Is love enough?

Some people today live with the idea it’s easier to ask forgiveness than permission. Their impulsive choices bring chaos not only into their own environment but also for many others who care for them.

Love, Rose, Flower, Feelings, Romantic

So often I witness unhappy situations involving the worldview that because you love someone you need to do whatever you can to make animal control company that individual’s life easier – even when they aren’t eager to make great choices. The end result is that you pay a price and the other person never has chance to learn because there just are no consequences for them.

I remember the day he said “When you are working harder than your customer, you are working too hard”. This also applies to the times that we work harder on the issues of family or friends than the person who is directly involved.

Are you involved in:

Telling lies or covering up for someone who isn’t fulfilling their responsibilities?

Allowing another individual to physically or verbally abuse you?

Experiencing neglect once the person doesn’t follow through on their promises?

5. Responding to manipulation or needs from someone who thinks you are the “unpaid help”?

sting the other person will start thinking and behaving appropriately even when they’ve never done this consistently?

8. Cleaning up cluttered situations for somebody else over and over again?

9. Ignoring your long-term needs and wants in sacrifice for a person’s short-term catastrophe?

10. Losing sleep and feeling obsessed with things which you can’t change?

Well, love isn’t enough!

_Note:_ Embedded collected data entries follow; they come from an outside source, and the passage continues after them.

theorem lemma1:
  fixes M :: "'a measure"
    and z :: "nat \<Rightarrow> 'a \<Rightarrow> int ^ 'k"
    and Pi :: "int ^ 'k \<Rightarrow> int ^ 'k \<Rightarrow> real"
    and p :: "int ^ 'k \<Rightarrow> real ^ 'k \<Rightarrow> real"
    and m :: nat and a :: real
  assumes prob: "prob_space M"
    and meas: "\<And>n. z n \<in> M \<rightarrow>\<^sub>M count_space UNIV"
    and state: "\<And>n \<omega>. \<omega> \<in> space M \<Longrightarrow> z n \<omega> \<in> Zplus"
    and kernel: "\<And>y. y \<in> Zplus \<Longrightarrow> (\<forall>y'. 0 \<le> Pi y y') \<and> (\<forall>y'. y' \<notin> Zplus \<longrightarrow> Pi y y' = 0)
                     \<and> (Pi y has_sum 1) Zplus"
    and markov: "\<And>n A y'. A \<in> sets (gen_filtration M z n) \<Longrightarrow>
        measure M (A \<inter> {\<omega> \<in> space M. z (Suc n) \<omega> = y'}) = (\<integral>\<omega>. indicator A \<omega> * Pi (z n \<omega>) y' \<partial>M)"
    and m_pos: "1 \<le> m"
    and A1: "\<And>n \<omega>. \<omega> \<in> space M \<Longrightarrow> l1norm (z (Suc n) \<omega> - z n \<omega>) \<le> int m"
    and p_lip: "\<And>w. w \<in> steps m \<Longrightarrow> \<exists>C. C-lipschitz_on std_simplex (p w)"
    and p_range: "\<And>w x. w \<in> steps m \<Longrightarrow> x \<in> std_simplex \<Longrightarrow> 0 \<le> p w x \<and> p w x \<le> 1"
    and a_pos: "a > 0"
    and A2: "\<And>y w. y \<in> Zplus \<Longrightarrow> y \<noteq> 0 \<Longrightarrow> w \<in> steps m \<Longrightarrow>
        \<bar>p w (normalize_st y) - Pi y (y + w)\<bar> \<le> a / real_of_int (l1norm y)"
  shows "\<exists>(U :: nat \<Rightarrow> 'a \<Rightarrow> real ^ 'k) (b :: nat \<Rightarrow> 'a \<Rightarrow> real ^ 'k) (K :: real).
    K > 0
    \<and> (\<forall>n. U n \<in> borel_measurable (gen_filtration M z n) \<and> b n \<in> borel_measurable (gen_filtration M z n))
    \<and> (\<forall>n. \<forall>\<omega>\<in>space M. z n \<omega> \<noteq> 0 \<longrightarrow>
          normalize_st (z (Suc n) \<omega>) - normalize_st (z n \<omega>) =
          (1 / real_of_int (l1norm (z n \<omega>))) *\<^sub>R
            ((\<Sum>w\<in>steps m. p w (normalize_st (z n \<omega>)) *\<^sub>R
                 (rvec w - real_of_int (alpha w) *\<^sub>R normalize_st (z n \<omega>)))
             + U (Suc n) \<omega> + b (Suc n) \<omega>))
    \<and> (\<forall>n i. AE \<omega> in M. real_cond_exp M (vimage_algebra (space M) (z n) (count_space UNIV))
                              (\<lambda>\<omega>. U (Suc n) \<omega> $ i) \<omega> = 0)
    \<and> (\<forall>n. \<forall>\<omega>\<in>space M. norm (U n \<omega>) \<le> 4 * real m)
    \<and> (\<forall>n. AE \<omega> in M. real_cond_exp M (gen_filtration M z n) (\<lambda>\<omega>. (norm (U (Suc n) \<omega>))\<^sup>2) \<omega> \<le> 4 * (real m)\<^sup>2)
    \<and> (\<forall>n. \<forall>\<omega>\<in>space M. norm (b (Suc n) \<omega>) \<le> K / max 1 (real_of_int (l1norm (z n \<omega>))))"
proof -
  interpret Zplus_chain M z Pi m
    using prob meas state kernel markov A1 by (simp add: Zplus_chain_def Zplus_chain_axioms_def)
  define U :: "nat \<Rightarrow> 'a \<Rightarrow> real ^ 'k" where
    "U = case_nat (\<lambda>_. 0) (\<lambda>n \<omega>. centred_increment (z n \<omega>) (z (Suc n) \<omega>))"
  define b :: "nat \<Rightarrow> 'a \<Rightarrow> real ^ 'k" where
    "b = case_nat (\<lambda>_. 0) (\<lambda>n \<omega>. remainder p (z n \<omega>) (z (Suc n) \<omega>))"
  obtain K where "0 < K" and b_le: "\<And>n \<omega>. \<omega> \<in> space M \<Longrightarrow>
      norm (b (Suc n) \<omega>) \<le> K / max 1 (real_of_int (l1norm (z n \<omega>)))"
    using remainder_transition_bounded[OF A2 less_imp_le[OF a_pos]] by (auto simp: b_def)
  have decomposition: "normalize_st (z (Suc n) \<omega>) - normalize_st (z n \<omega>)
      = (1 / real_of_int (l1norm (z n \<omega>))) *\<^sub>R (drift p (z n \<omega>) + U (Suc n) \<omega> + b (Suc n) \<omega>)"
    if "\<omega> \<in> space M" "z n \<omega> \<noteq> 0" for n \<omega>
    using normalize_st_difference[OF z_in_Zplus[OF that(1)] that(2)] by (simp add: U_def b_def)
  show ?thesis
  proof (rule exI[of _ U], rule exI[of _ b], rule exI[of _ K], intro conjI allI ballI impI)
    show "U n \<in> borel_measurable (F n)" for n
      by (cases n) (simp_all add: U_def measurable_transition_F)
    show "b n \<in> borel_measurable (F n)" for n
      by (cases n) (simp_all add: b_def measurable_transition_F)
    show "AE \<omega> in M. real_cond_exp M (vimage_algebra (space M) (z n) (count_space UNIV))
        (\<lambda>\<omega>. U (Suc n) \<omega> $ i) \<omega> = 0" for n i
      using cond_exp_centred_increment[OF sets_image_in_sets[OF space_F z_measurable_F]] by (simp add: U_def)
    show "norm (U n \<omega>) \<le> 4 * real m" if "\<omega> \<in> space M" for n \<omega>
      using norm_centred_increment_transition_le[OF that] by (cases n) (simp_all add: U_def)
    show "AE \<omega> in M. real_cond_exp M (F n) (\<lambda>\<omega>. (norm (U (Suc n) \<omega>))\<^sup>2) \<omega> \<le> 4 * (real m)\<^sup>2" for n
      using cond_exp_norm_centred_increment_sq_le by (simp add: U_def)
  qed (use \<open>0 < K\<close> b_le decomposition in \<open>simp_all add: drift_def\<close>)
qed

We can’t change other individuals. They change when life doesn’t work for them anymore. Perhaps your actions done in the spirit of love are now preventing them from facing the scenarios which will lead them to adulthood. You can love them but you will need to understand clearly where you stop and they begin.

If you can identify with any of the things on the above list, you need to consider other choices. You can learn how to establish healthy boundaries that will not just help you, but also help the other person to develop! Meeting with a trained professional will provide you the tools you require.